## [Task instructions]
What lines below mention the word "bool"? Copy each one.

## [Data for the task]
[Start of Attachment]
(* Let $F_\epsilon$ be a smooth near-identity family of maps on a domain $D\subset\mathbb R^m$ which is reversible with a linear reversor $R$, i.e. $R:\mathbb R^m\to\mathbb R^m$ is linear with $R\circ R=\mathrm I$ and $F_\epsilon^{-1}=R\circ F_\epsilon\circ R$. Then the interpolating vector field $X_n$ of $F_\epsilon$ is reversible: $X_n(Rx,\epsilon)=-R\,X_n(x,\epsilon)$ (whenever both sides are defined).
   Context: For $\epsilon\neq0$ and a point $x$ whose iterates $x_k=F_\epsilon^k(x)$, $|k|\le n$, are defined (negative $k$ meaning iterates of $F_\epsilon^{-1}$), the interpolating vector field is $$X_n(x,\epsilon)=\epsilon^{-1}\sum_{k=1}^n p_{nk}\bigl(x_k-x_{-k}\bigr),\qquad p_{nk}=\frac{(-1)^{k+1}(n!)^2}{k(n+k)!(n-k)!}.$$ *)

theory Defs
  imports "HOL-Analysis.Analysis"
begin

fun dderiv :: "'a::real_normed_vector list \<Rightarrow> ('a \<Rightarrow> 'b::real_normed_vector) \<Rightarrow> 'a \<Rightarrow> 'b" where
  "dderiv [] f = f"
| "dderiv (v # vs) f = (\<lambda>x. vector_derivative (\<lambda>t. dderiv vs f (x + t *\<^sub>R v)) (at 0))"

definition smooth_on :: "'a::real_normed_vector set \<Rightarrow> ('a \<Rightarrow> 'b::real_normed_vector) \<Rightarrow> bool" where
  "smooth_on U f \<longleftrightarrow> (\<forall>vs. dderiv vs f differentiable_on U)"

definition pcoef :: "nat \<Rightarrow> nat \<Rightarrow> real" where
  "pcoef n k = (-1) ^ (k + 1) * (fact n)\<^sup>2 / (real k * fact (n + k) * fact (n - k))"

text \<open>Interpolating vector field for forward map f and backward map g (= F^{-1}).\<close>
definition interp_vf :: "nat \<Rightarrow> ('a::real_vector \<Rightarrow> 'a) \<Rightarrow> ('a \<Rightarrow> 'a) \<Rightarrow> real \<Rightarrow> 'a \<Rightarrow> 'a" where
  "interp_vf n f g \<epsilon> x = (1 / \<epsilon>) *\<^sub>R (\<Sum>k = 1..n. pcoef n k *\<^sub>R ((f ^^ k) x - (g ^^ k) x))"

text \<open>The iterates x_1..x_n of x under a partial map with domain A are defined.\<close>
definition iterates_defined :: "'a set \<Rightarrow> ('a \<Rightarrow> 'a) \<Rightarrow> nat \<Rightarrow> 'a \<Rightarrow> bool" where
  "iterates_defined A f n x \<longleftrightarrow> (\<forall>k<n. (f ^^ k) x \<in> A)"

end

theory Submission
  imports Defs
begin

(* A reversor R conjugates F and its inverse G to each other: R o G = F o R and
   R o F = G o R. Hence the forward iterates of R x are the images under R of the
   backward iterates of x and vice versa, i.e. R swaps x_k and x_(-k). By linearity of
   R every difference x_k - x_(-k), and with it X_n, changes sign. *)

lemma funpow_conj_on_orbit:
  assumes conj: "\<And>y. y \<in> A \<Longrightarrow> h (R y) = R (g y)"
    and orbit: "iterates_defined A g n x"
    and "k \<le> n"
  shows "(h ^^ k) (R x) = R ((g ^^ k) x)"
  using \<open>k \<le> n\<close>
proof (induction k)
  case (Suc k)
  then have "(g ^^ k) x \<in> A" using orbit unfolding iterates_defined_def by simp
  then show ?case using Suc by (simp add: conj)
qed simp

lemma interp_vf_reversible:
  assumes "linear R"
    and f_orbit: "\<And>k. k \<le> n \<Longrightarrow> (f ^^ k) (R x) = R ((g ^^ k) x)"
    and g_orbit: "\<And>k. k \<le> n \<Longrightarrow> (g ^^ k) (R x) = R ((f ^^ k) x)"
  shows "interp_vf n f g \<epsilon> (R x) = - R (interp_vf n f g \<epsilon> x)"
proof -
  have "(f ^^ k) (R x) - (g ^^ k) (R x) = - R ((f ^^ k) x - (g ^^ k) x)"
    if "k \<in> {1..n}" for k
    using that f_orbit g_orbit linear_diff[OF \<open>linear R\<close>] by simp
  then have "interp_vf n f g \<epsilon> (R x)
      = (1 / \<epsilon>) *\<^sub>R (\<Sum>k = 1..n. pcoef n k *\<^sub>R - R ((f ^^ k) x - (g ^^ k) x))"
    unfolding interp_vf_def by simp
  also have "\<dots> = - R (interp_vf n f g \<epsilon> x)"
    unfolding interp_vf_def
    by (simp add: linear_scale[OF \<open>linear R\<close>] linear_sum[OF \<open>linear R\<close>] sum_negf)
  finally show ?thesis .
qed

theorem mainTheorem6:
  fixes F :: "real \<Rightarrow> 'a::euclidean_space \<Rightarrow> 'a"
    and D :: "'a set" and R :: "'a \<Rightarrow> 'a" and e0 :: real
  assumes D_open: "open D"
    and e0_pos: "e0 > 0"
    and smooth: "smooth_on ({-e0<..<e0} \<times> D) (\<lambda>(\<epsilon>, x). F \<epsilon> x)"
    and near_id: "\<And>x. x \<in> D \<Longrightarrow> F 0 x = x"
    and R_linear: "linear R"
    and R_invol: "R \<circ> R = id"
    and F_inj: "\<And>\<epsilon>. \<bar>\<epsilon>\<bar> < e0 \<Longrightarrow> inj_on (F \<epsilon>) D"
    and rev_dom: "\<And>\<epsilon>. \<bar>\<epsilon>\<bar> < e0 \<Longrightarrow> F \<epsilon> ` D = R ` D"
    and rev_map: "\<And>\<epsilon> y. \<bar>\<epsilon>\<bar> < e0 \<Longrightarrow> y \<in> F \<epsilon> ` D \<Longrightarrow>
                    the_inv_into D (F \<epsilon>) y = R (F \<epsilon> (R y))"
    and eps: "\<epsilon> \<noteq> 0" "\<bar>\<epsilon>\<bar> < e0"
    and def_x: "iterates_defined D (F \<epsilon>) n x"
               "iterates_defined (F \<epsilon> ` D) (the_inv_into D (F \<epsilon>)) n x"
    and def_Rx: "iterates_defined D (F \<epsilon>) n (R x)"
               "iterates_defined (F \<epsilon> ` D) (the_inv_into D (F \<epsilon>)) n (R x)"
  shows "interp_vf n (F \<epsilon>) (the_inv_into D (F \<epsilon>)) \<epsilon> (R x)
           = - R (interp_vf n (F \<epsilon>) (the_inv_into D (F \<epsilon>)) \<epsilon> x)"
proof (rule interp_vf_reversible[OF R_linear])
  define g where "g = the_inv_into D (F \<epsilon>)"
  have RR: "R (R y) = y" for y using R_invol by (metis comp_apply id_apply)
  have g_conj: "R (g y) = F \<epsilon> (R y)" if "y \<in> F \<epsilon> ` D" for y
    using rev_map[OF eps(2) that] RR unfolding g_def by simp
  show "(F \<epsilon> ^^ k) (R x) = R ((g ^^ k) x)" if "k \<le> n" for k
    using funpow_conj_on_orbit[of "F \<epsilon> ` D" "F \<epsilon>" R g, OF _ def_x(2)[folded g_def] that]
      g_conj by metis
  have F_conj: "g (R y) = R (F \<epsilon> y)" if "y \<in> D" for y
  proof -
    have "R y \<in> F \<epsilon> ` D" using that rev_dom[OF eps(2)] by simp
    then show ?thesis using g_conj RR by metis
  qed
  show "(g ^^ k) (R x) = R ((F \<epsilon> ^^ k) x)" if "k \<le> n" for k
    using funpow_conj_on_orbit[of D g R "F \<epsilon>", OF F_conj def_x(1) that] .
qed

end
[End of Attachment]
## [Response to the task]
definition smooth_on :: "'a::real_normed_vector set \<Rightarrow> ('a \<Rightarrow> 'b::real_normed_vector) \<Rightarrow> bool" where
definition iterates_defined :: "'a set \<Rightarrow> ('a \<Rightarrow> 'a) \<Rightarrow> nat \<Rightarrow> 'a \<Rightarrow> bool" where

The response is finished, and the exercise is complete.